Open-EO / openeo-opensearch-client

Simple opensearch client for openeo.
Apache License 2.0
0 stars 0 forks source link

tileId pattern matches unwanted tiles #32

Closed EmileSonneveld closed 4 months ago

EmileSonneveld commented 8 months ago

Because we can only use asterisk wildcards on metadata we can get too many tiles passing the filter. As Marcel says: 26S*H will not only find the needed 26SKH and 26SLH tiles, but also the unneeded 26SHx

We could implement the "?" wildcard to match a single character. For example: 26S?H. Or maybe allow for more complex matching by using something like filter_labels on product metadata.

Related: https://github.com/Open-EO/openeo-opensearch-client/issues/25

mbuchhorn commented 8 months ago

next to adaptations of the wildcards or properties filters, it would be maybe good that the load_collection process can also handle a list of given tiles. e.g. sometimes the AOI is between two UTMzones but still only two Sentinel-2 tileIDs would be needed. So instead of a tileId with a wildcard it would be better to just pass a list of the specific tile names.

JeroenVerstraelen commented 4 months ago

Would be good if this also works on CDSE

JeroenVerstraelen commented 4 months ago

20x20 processing box, for each we have maximum 4 tile ids (most of the time 1 or 2 tiles). Would be better if we can give it a list of tileids instead of a wildstar.

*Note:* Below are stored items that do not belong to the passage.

(* Let $n\geq 3$ and let $C_n^*$ be the bigraded complex described in the context. Let $\phi\colon C_n^*\to C_n^*$ be an $R$-linear chain map that is homogeneous of bigrading $(c_1,c_2)$ with $c_1>-2n$ and $c_2>-2n$, and suppose that the image of $\phi(\alpha_n^* )$ is a boundary in the complex $C_n^*\otimes_R \mathbb{F}[\mathcal{U}]/(\mathcal{U}^{n-1})$, where $\mathcal{V}$ acts on $\mathbb{F}[\mathcal{U}]/(\mathcal{U}^{n-1})$ as $1$. Then $\phi(\alpha_n^* )$ is divisible by $\mathcal{U}^{n-1}$.
   Context: Let $\mathbb{F}=\mathbb{Z}/2$ and $R=\mathbb{F}[\mathcal{U},\mathcal{V}]$, bigraded by $(\operatorname{gr}_{\mathcal{U}},\operatorname{gr}_{\mathcal{V}})$ with $\mathcal{U}$ of bigrading $(-2,0)$ and $\mathcal{V}$ of bigrading $(0,-2)$. For $n\geq 3$, $C_n^*$ is the free $R$-module with basis $\alpha^*_s$ ($1\leq s\leq 2n-1$); $\widetilde{\alpha}^*_s$ ($1\leq s\leq n-2$ and $n+1\leq s\leq 2n-2$); $b^{*,(s)}_{n-1}$ ($1\leq s\leq n-2$); $b^{*,(s)}_{n}$ ($1\leq s\leq 2n-2$); $b^{*,(s)}_{n+1}$ ($n+1\leq s\leq 2n-2$), with $R$-linear differential $\partial$ given by $\partial\alpha^*_s=0$, $\partial\widetilde{\alpha}^*_s=0$, and $\partial b^{*,(s)}_{n-1}=\mathcal{U}^{n(n-1)/2}\mathcal{V}^{n(n-1)/2}\alpha^*_s+\mathcal{V}^{n-s-1}\widetilde{\alpha}^*_s$ for $1\leq s\leq n-2$; $\partial b^{*,(s)}_{n}=\mathcal{U}^{n(n+1)/2-s}\mathcal{V}^{n(n+1)/2}\alpha^*_{s+1}+\mathcal{U}^{n}\widetilde{\alpha}^*_s$ for $1\leq s\leq n-2$; $\partial b^{*,(s)}_{n}=\mathcal{U}^{n(n+1)/2}\mathcal{V}^{n(n-1)/2-n+s+1}\alpha^*_s+\mathcal{U}^{n(n+1)/2-s}\mathcal{V}^{n(n+1)/2}\alpha^*_{s+1}$ for $n-1\leq s\leq n$; $\partial b^{*,(s)}_{n}=\mathcal{U}^{n(n+1)/2}\mathcal{V}^{n(n-1)/2-n+s+1}\alpha^*_s+\mathcal{V}^{n}\widetilde{\alpha}^*_s$ for $n+1\leq s\leq 2n-2$; $\partial b^{*,(s)}_{n+1}=\mathcal{U}^{n(n-1)/2}\mathcal{V}^{n(n-1)/2}\alpha^*_{s+1}+\mathcal{U}^{s-n}\widetilde{\alpha}^*_s$ for $n+1\leq s\leq 2n-2$. The basis elements are assigned bigradings so that $\partial$ is homogeneous of bigrading $(-1,-1)$ (unique up to an overall shift; any such choice is fixed). A map is homogeneous of bigrading $(c_1,c_2)$ if it sends homogeneous elements of bigrading $(a,b)$ to homogeneous elements of bigrading $(a+c_1,b+c_2)$. *)

theory Defs
  imports Main
begin

text \<open>Generators of C_n^*: A s = alpha_s, At s = tilde alpha_s,
  B1 s = b_{n-1}^{(s)}, B0 s = b_n^{(s)}, B2 s = b_{n+1}^{(s)}.\<close>
datatype gen = A nat | At nat | B1 nat | B0 nat | B2 nat

fun valid_gen :: "nat \<Rightarrow> gen \<Rightarrow> bool" where
  "valid_gen n (A s) = (1 \<le> s \<and> s \<le> 2*n - 1)"
| "valid_gen n (At s) = ((1 \<le> s \<and> s \<le> n - 2) \<or> (n + 1 \<le> s \<and> s \<le> 2*n - 2))"
| "valid_gen n (B1 s) = (1 \<le> s \<and> s \<le> n - 2)"
| "valid_gen n (B0 s) = (1 \<le> s \<and> s \<le> 2*n - 2)"
| "valid_gen n (B2 s) = (n + 1 \<le> s \<and> s \<le> 2*n - 2)"

text \<open>An element of C_n^* (a free R-module, R = F_2[U,V]) is an F_2-linear
  combination of monomials U^i V^j g, encoded as the finite set of triples (g,i,j)
  with coefficient 1.\<close>
type_synonym elem = "(gen \<times> nat \<times> nat) set"

definition Cn :: "nat \<Rightarrow> elem set" where
  "Cn n = {x. finite x \<and> (\<forall>(g,i,j)\<in>x. valid_gen n g)}"

definition add :: "elem \<Rightarrow> elem \<Rightarrow> elem" where
  "add x y = (x - y) \<union> (y - x)"

definition mulU :: "nat \<Rightarrow> elem \<Rightarrow> elem" where
  "mulU k x = (\<lambda>(g,i,j). (g, i + k, j)) ` x"

definition mulV :: "nat \<Rightarrow> elem \<Rightarrow> elem" where
  "mulV k x = (\<lambda>(g,i,j). (g, i, j + k)) ` x"

text \<open>Differential on generators: set of monomials (g', a, b) meaning U^a V^b g'.\<close>
fun dgen :: "nat \<Rightarrow> gen \<Rightarrow> (gen \<times> nat \<times> nat) set" where
  "dgen n (A s) = {}"
| "dgen n (At s) = {}"
| "dgen n (B1 s) =
     (if 1 \<le> s \<and> s \<le> n - 2
      then {(A s, n*(n-1) div 2, n*(n-1) div 2), (At s, 0, n - s - 1)} else {})"
| "dgen n (B0 s) =
     (if 1 \<le> s \<and> s \<le> n - 2
      then {(A (s+1), n*(n+1) div 2 - s, n*(n+1) div 2), (At s, n, 0)}
      else if n - 1 \<le> s \<and> s \<le> n
      then {(A s, n*(n+1) div 2, n*(n-1) div 2 - n + s + 1),
            (A (s+1), n*(n+1) div 2 - s, n*(n+1) div 2)}
      else if n + 1 \<le> s \<and> s \<le> 2*n - 2
      then {(A s, n*(n+1) div 2, n*(n-1) div 2 - n + s + 1), (At s, 0, n)}
      else {})"
| "dgen n (B2 s) =
     (if n + 1 \<le> s \<and> s \<le> 2*n - 2
      then {(A (s+1), n*(n-1) div 2, n*(n-1) div 2), (At s, s - n, 0)} else {})"

definition dC :: "nat \<Rightarrow> elem \<Rightarrow> elem" where
  "dC n x = {(g', i', j'). odd (card {(g,i,j) \<in> x.
       \<exists>a b. (g', a, b) \<in> dgen n g \<and> i' = i + a \<and> j' = j + b})}"

text \<open>Admissible bigradings: an assignment of (gr_U, gr_V) to generators such that
  the differential is homogeneous of bigrading (-1,-1); U^i V^j g has bigrading
  gr g + (-2i,-2j).\<close>
definition grading_ok :: "nat \<Rightarrow> (gen \<Rightarrow> int \<times> int) \<Rightarrow> bool" where
  "grading_ok n gr = (\<forall>g. valid_gen n g \<longrightarrow> (\<forall>(g',a,b)\<in>dgen n g.
       fst (gr g') - 2 * int a = fst (gr g) - 1 \<and>
       snd (gr g') - 2 * int b = snd (gr g) - 1))"

definition homog :: "(gen \<Rightarrow> int \<times> int) \<Rightarrow> int \<Rightarrow> int \<Rightarrow> elem \<Rightarrow> bool" where
  "homog gr a b x = (\<forall>(g,i,j)\<in>x. fst (gr g) - 2 * int i = a \<and> snd (gr g) - 2 * int j = b)"

definition R_linear_chain_map :: "nat \<Rightarrow> (elem \<Rightarrow> elem) \<Rightarrow> bool" where
  "R_linear_chain_map n phi =
     ((\<forall>x\<in>Cn n. phi x \<in> Cn n) \<and>
      (\<forall>x\<in>Cn n. \<forall>y\<in>Cn n. phi (add x y) = add (phi x) (phi y)) \<and>
      (\<forall>x\<in>Cn n. phi (mulU 1 x) = mulU 1 (phi x)) \<and>
      (\<forall>x\<in>Cn n. phi (mulV 1 x) = mulV 1 (phi x)) \<and>
      (\<forall>x\<in>Cn n. phi (dC n x) = dC n (phi x)))"

definition homogeneous_map ::
  "nat \<Rightarrow> (gen \<Rightarrow> int \<times> int) \<Rightarrow> int \<Rightarrow> int \<Rightarrow> (elem \<Rightarrow> elem) \<Rightarrow> bool" where
  "homogeneous_map n gr c1 c2 phi =
     (\<forall>x\<in>Cn n. \<forall>a b. homog gr a b x \<longrightarrow> homog gr (a + c1) (b + c2) (phi x))"

text \<open>The complex C_n^* \<otimes>_R F[U]/(U^{n-1}) with V acting as 1: F-linear
  combinations of U^i g with i < n-1, encoded as finite sets of pairs (g,i).\<close>
type_synonym qelem = "(gen \<times> nat) set"

definition Qn :: "nat \<Rightarrow> qelem set" where
  "Qn n = {y. finite y \<and> (\<forall>(g,i)\<in>y. valid_gen n g \<and> i < n - 1)}"

definition dQ :: "nat \<Rightarrow> qelem \<Rightarrow> qelem" where
  "dQ n y = {(g', i'). i' < n - 1 \<and> odd (card {(g,i) \<in> y.
       \<exists>a b. (g', a, b) \<in> dgen n g \<and> i' = i + a})}"

text \<open>The map x \<mapsto> x \<otimes> 1.\<close>
definition red :: "nat \<Rightarrow> elem \<Rightarrow> qelem" where
  "red n x = {(g, i). i < n - 1 \<and> odd (card {j. (g, i, j) \<in> x})}"

definition alpha :: "nat \<Rightarrow> elem" where
  "alpha s = {(A s, 0, 0)}"

end

theory Submission
  imports Defs
begin

(* Since d has bidegree (-1,-1), each d b = U^a V^b g1 + U^a' V^b' g2 ties the bigradings
   of b, g1 and g2 together.  Chasing these relations along the alpha_s shows that every
   generator other than alpha_n lies at least 2n below alpha_n in gr_U or in gr_V.  As
   c1, c2 > -2n, the homogeneous element phi(alpha_n) is therefore 0 or a single monomial
   U^i V^j alpha_n.  Every differential hitting alpha_n carries a factor U^(n-1), so for
   i < n - 1 the class U^i alpha_n survives mod U^(n-1) and is not a boundary there. *)

lemma triangular_Suc_eq: "n * (n + 1) div 2 = n * (n - 1) div 2 + (n::nat)"
proof -
  have "n * (n + 1) = n * (n - 1) + 2 * n"
    by (cases n) (simp_all add: algebra_simps)
  then show ?thesis by simp
qed

lemma le_triangular:
  assumes "3 \<le> (n::nat)"
  shows "n \<le> n * (n - 1) div 2"
proof -
  have "n * 2 \<le> n * (n - 1)"
    using assms by (intro mult_le_mono2) simp
  then show ?thesis by linarith
qed

lemma gr_dgen_source:
  assumes "grading_ok n gr" "valid_gen n g" "(g', a, b) \<in> dgen n g"
  shows "fst (gr g) = fst (gr g') + 1 - 2 * int a"
    and "snd (gr g) = snd (gr g') + 1 - 2 * int b"
  using assms unfolding grading_ok_def by fastforce+

lemma gr_dgen_siblings:
  assumes "grading_ok n gr" "valid_gen n g"
    and "(g1, a1, b1) \<in> dgen n g" "(g2, a2, b2) \<in> dgen n g"
  shows "fst (gr g1) - 2 * int a1 = fst (gr g2) - 2 * int a2"
    and "snd (gr g1) - 2 * int b1 = snd (gr g2) - 2 * int b2"
  using gr_dgen_source[OF assms(1,2,3)] gr_dgen_source[OF assms(1,2,4)] by linarith+

lemma dgen_A_imp_U_exp_ge:
  assumes "3 \<le> n" "(A n, a, b) \<in> dgen n g"
  shows "n - 1 \<le> a"
  using assms triangular_Suc_eq[of n] le_triangular[OF assms(1)]
  by (cases g; (auto split: if_splits; linarith))

locale admissible_grading =
  fixes n :: nat and gr :: "gen \<Rightarrow> int \<times> int"
  assumes n_ge_3: "3 \<le> n" and grading_ok: "grading_ok n gr"
begin

lemmas gr_source = gr_dgen_source[OF grading_ok]
lemmas gr_siblings = gr_dgen_siblings[OF grading_ok]
lemmas triangular = triangular_Suc_eq[of n] le_triangular[OF n_ge_3]

lemma snd_gr_A_step:
  assumes "1 \<le> s" "s \<le> n - 2"
  shows "snd (gr (A s)) \<le> snd (gr (A (Suc s)))"
proof -
  have B: "valid_gen n (B1 s)" "valid_gen n (B0 s)"
    using assms by auto
  have "(A s, n*(n-1) div 2, n*(n-1) div 2) \<in> dgen n (B1 s)"
    and "(At s, 0, n - s - 1) \<in> dgen n (B1 s)"
    and "(A (Suc s), n*(n+1) div 2 - s, n*(n+1) div 2) \<in> dgen n (B0 s)"
    and "(At s, n, 0) \<in> dgen n (B0 s)"
    using assms by auto
  with B have "snd (gr (A s)) - 2 * int (n*(n-1) div 2) = snd (gr (At s)) - 2 * int (n - s - 1)"
    and "snd (gr (A (Suc s))) - 2 * int (n*(n+1) div 2) = snd (gr (At s)) - 2 * int 0"
    using gr_siblings(2) by blast+
  then show ?thesis
    using assms triangular by linarith
qed

lemma fst_gr_A_step:
  assumes "n + 1 \<le> s" "s \<le> 2*n - 2"
  shows "fst (gr (A (Suc s))) \<le> fst (gr (A s))"
proof -
  have B: "valid_gen n (B2 s)" "valid_gen n (B0 s)"
    using assms by auto
  have "(A (Suc s), n*(n-1) div 2, n*(n-1) div 2) \<in> dgen n (B2 s)"
    and "(At s, s - n, 0) \<in> dgen n (B2 s)"
    and "(A s, n*(n+1) div 2, n*(n-1) div 2 - n + s + 1) \<in> dgen n (B0 s)"
    and "(At s, 0, n) \<in> dgen n (B0 s)"
    using assms by auto
  with B have "fst (gr (A (Suc s))) - 2 * int (n*(n-1) div 2) = fst (gr (At s)) - 2 * int (s - n)"
    and "fst (gr (A s)) - 2 * int (n*(n+1) div 2) = fst (gr (At s)) - 2 * int 0"
    using gr_siblings(1) by blast+
  then show ?thesis
    using assms triangular by linarith
qed

lemma snd_gr_A_gap: "snd (gr (A (n - 1))) = snd (gr (A n)) - 2 * int n"
proof -
  have "valid_gen n (B0 (n - 1))"
    using n_ge_3 by auto
  moreover have "(A (n - 1), n*(n+1) div 2, n*(n-1) div 2) \<in> dgen n (B0 (n - 1))"
    and "(A n, n*(n+1) div 2 - (n - 1), n*(n+1) div 2) \<in> dgen n (B0 (n - 1))"
    using n_ge_3 triangular by auto
  ultimately have "snd (gr (A (n - 1))) - 2 * int (n*(n-1) div 2)
      = snd (gr (A n)) - 2 * int (n*(n+1) div 2)"
    using gr_siblings(2) by blast
  then show ?thesis
    using triangular by linarith
qed

lemma fst_gr_A_gap: "fst (gr (A (Suc n))) = fst (gr (A n)) - 2 * int n"
proof -
  have "valid_gen n (B0 n)"
    using n_ge_3 by auto
  moreover have "(A n, n*(n+1) div 2, n*(n-1) div 2 + 1) \<in> dgen n (B0 n)"
    and "(A (Suc n), n*(n+1) div 2 - n, n*(n+1) div 2) \<in> dgen n (B0 n)"
    using n_ge_3 triangular by auto
  ultimately have "fst (gr (A n)) - 2 * int (n*(n+1) div 2)
      = fst (gr (A (Suc n))) - 2 * int (n*(n+1) div 2 - n)"
    using gr_siblings(1) by blast
  then show ?thesis
    using triangular by linarith
qed

lemma snd_gr_A_below:
  assumes "1 \<le> s" "s < n"
  shows "snd (gr (A s)) \<le> snd (gr (A n)) - 2 * int n"
proof -
  have "s \<le> n - 1"
    using assms(2) by simp
  then show ?thesis
  proof (induction s rule: inc_induct)
    case base
    then show ?case using snd_gr_A_gap by simp
  next
    case (step m)
    have "snd (gr (A m)) \<le> snd (gr (A (Suc m)))"
      using step.hyps assms(1) by (intro snd_gr_A_step) auto
    with step.IH show ?case by simp
  qed
qed

lemma fst_gr_A_below:
  assumes "n < s" "s \<le> 2*n - 1"
  shows "fst (gr (A s)) \<le> fst (gr (A n)) - 2 * int n"
proof -
  have "Suc n \<le> s"
    using assms(1) by simp
  then show ?thesis
    using assms(2)
  proof (induction s rule: dec_induct)
    case base
    then show ?case using fst_gr_A_gap by simp
  next
    case (step m)
    have "fst (gr (A (Suc m))) \<le> fst (gr (A m))"
      using step.hyps step.prems by (intro fst_gr_A_step) auto
    with step.IH step.prems show ?case by simp
  qed
qed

mbuchhorn commented 4 months ago

you can find an example for the 20x20km processing boxes with their corresponding Sentinel-2 tileID's here: https://git.vito.be/projects/NCA/repos/extentmapping/browse/src/extentmapping/resources/LAEA-20km_add-info.gpkg

I will implement this extra filter in the properties part of here: https://git.vito.be/projects/NCA/repos/extentmapping/browse/src/extentmapping/openeo/preprocessing.py#288

jdries commented 4 months ago

The key point here is to find an openEO compatible way to specify the property filter.

lambda p: array_contains(data=["26SKH","26SLH"],value = p)

Note that wildcard matching is not part of the spec, but we can do things like:

lambda p: text_begins(data=p,pattern = "26S")

bossie commented 4 months ago

This should work on Terrascope:

properties = {"tileId": lambda tile_id: array_contains(["31UES", "31UFS"], tile_id)}

data_cube = (connection
             .load_collection("SENTINEL2_L2A", properties=properties)
             .filter_bbox(west=4.4158740490713804, south=51.4204485519121945, east=4.4613941769140322, north=51.4639210615473885)
             .filter_temporal(["2024-04-24", "2024-04-25"])
             .filter_bands(["B04", "B03", "B02"])
             .save_result("GTiff"))

data_cube.execute_batch()

Adding a bbox filter is recommended because filtering by tile ID happens client side.

bossie commented 4 months ago

There's still some technical debt to be addressed.

  1. the array_contains process is translated to an {"eq": ["31UES", "31UFS"]} criterion;
  2. the criterion's operator "eq" is then ditched (not passed on to Scala);
  3. the array in the criterion's value (["31UES", "31UFS"]) behaves as an OR (tileId == "31UES" || tileId == "31UFS")

This is all very implicit and a better way would be to retain the operator i.e. an "in".

bossie commented 4 months ago

Some notes re: the technical debt:

https://github.com/Open-EO/openeo-geopyspark-driver/blob/630439c6170c9ec5668e8d815b9fe0818287f430/openeogeotrellis/layercatalog.py#L295-L310

JeroenVerstraelen commented 3 months ago

@mbuchhorn Your usecase should work now.